DIRECTIONS
Which lines below include "where"? Copy them all.

RECORDS FOR PROCESSING
※ ※ ※
lemma (in prob_space) prob_indep_vars_restrict_conj:
  assumes "indep_vars M' X I" and "J\<^sub>1 \<inter> J\<^sub>2 = {}" and "J\<^sub>1 \<subseteq> I" and "J\<^sub>2 \<subseteq> I"
    and P\<^sub>1: "Measurable.pred (PiM J\<^sub>1 M') P\<^sub>1" and P\<^sub>2: "Measurable.pred (PiM J\<^sub>2 M') P\<^sub>2"
  shows "\<P>(\<omega> in M. P\<^sub>1 (restrict (\<lambda>i. X i \<omega>) J\<^sub>1) \<and> P\<^sub>2 (restrict (\<lambda>i. X i \<omega>) J\<^sub>2)) =
    \<P>(\<omega> in M. P\<^sub>1 (restrict (\<lambda>i. X i \<omega>) J\<^sub>1)) * \<P>(\<omega> in M. P\<^sub>2 (restrict (\<lambda>i. X i \<omega>) J\<^sub>2))"
proof -
  define R\<^sub>1 where "R\<^sub>1 = (\<lambda>\<omega>. restrict (\<lambda>i. X i \<omega>) J\<^sub>1)"
  define R\<^sub>2 where "R\<^sub>2 = (\<lambda>\<omega>. restrict (\<lambda>i. X i \<omega>) J\<^sub>2)"
  define S\<^sub>1 where "S\<^sub>1 = {h \<in> space (PiM J\<^sub>1 M'). P\<^sub>1 h}"
  define S\<^sub>2 where "S\<^sub>2 = {h \<in> space (PiM J\<^sub>2 M'). P\<^sub>2 h}"
  have indep: "indep_var (PiM J\<^sub>1 M') R\<^sub>1 (PiM J\<^sub>2 M') R\<^sub>2"
    unfolding R\<^sub>1_def R\<^sub>2_def using assms(1-4) by (rule indep_var_restrict)
  have "S\<^sub>1 \<in> sets (PiM J\<^sub>1 M')" and "S\<^sub>2 \<in> sets (PiM J\<^sub>2 M')"
    unfolding S\<^sub>1_def S\<^sub>2_def using P\<^sub>1 P\<^sub>2 by measurable
  note prob_prod = indep_varD[OF indep this]
  have "R\<^sub>1 \<omega> \<in> space (PiM J\<^sub>1 M')" and "R\<^sub>2 \<omega> \<in> space (PiM J\<^sub>2 M')" if "\<omega> \<in> space M" for \<omega>
    using measurable_space[OF indep_var_rv1[OF indep] that] measurable_space[OF indep_var_rv2[OF indep] that] .
  then have "{\<omega> \<in> space M. P\<^sub>1 (R\<^sub>1 \<omega>) \<and> P\<^sub>2 (R\<^sub>2 \<omega>)} = (\<lambda>\<omega>. (R\<^sub>1 \<omega>, R\<^sub>2 \<omega>)) -` (S\<^sub>1 \<times> S\<^sub>2) \<inter> space M"
    and "{\<omega> \<in> space M. P\<^sub>1 (R\<^sub>1 \<omega>)} = R\<^sub>1 -` S\<^sub>1 \<inter> space M"
    and "{\<omega> \<in> space M. P\<^sub>2 (R\<^sub>2 \<omega>)} = R\<^sub>2 -` S\<^sub>2 \<inter> space M"
    by (auto simp: S\<^sub>1_def S\<^sub>2_def)
  then show ?thesis
    using prob_prod unfolding R\<^sub>1_def R\<^sub>2_def by simp
qed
※ ※ ※
RESPONSE TO THIS EXERCISE
  define R\<^sub>1 where "R\<^sub>1 = (\<lambda>\<omega>. restrict (\<lambda>i. X i \<omega>) J\<^sub>1)"
  define R\<^sub>2 where "R\<^sub>2 = (\<lambda>\<omega>. restrict (\<lambda>i. X i \<omega>) J\<^sub>2)"
  define S\<^sub>1 where "S\<^sub>1 = {h \<in> space (PiM J\<^sub>1 M'). P\<^sub>1 h}"
  define S\<^sub>2 where "S\<^sub>2 = {h \<in> space (PiM J\<^sub>2 M'). P\<^sub>2 h}"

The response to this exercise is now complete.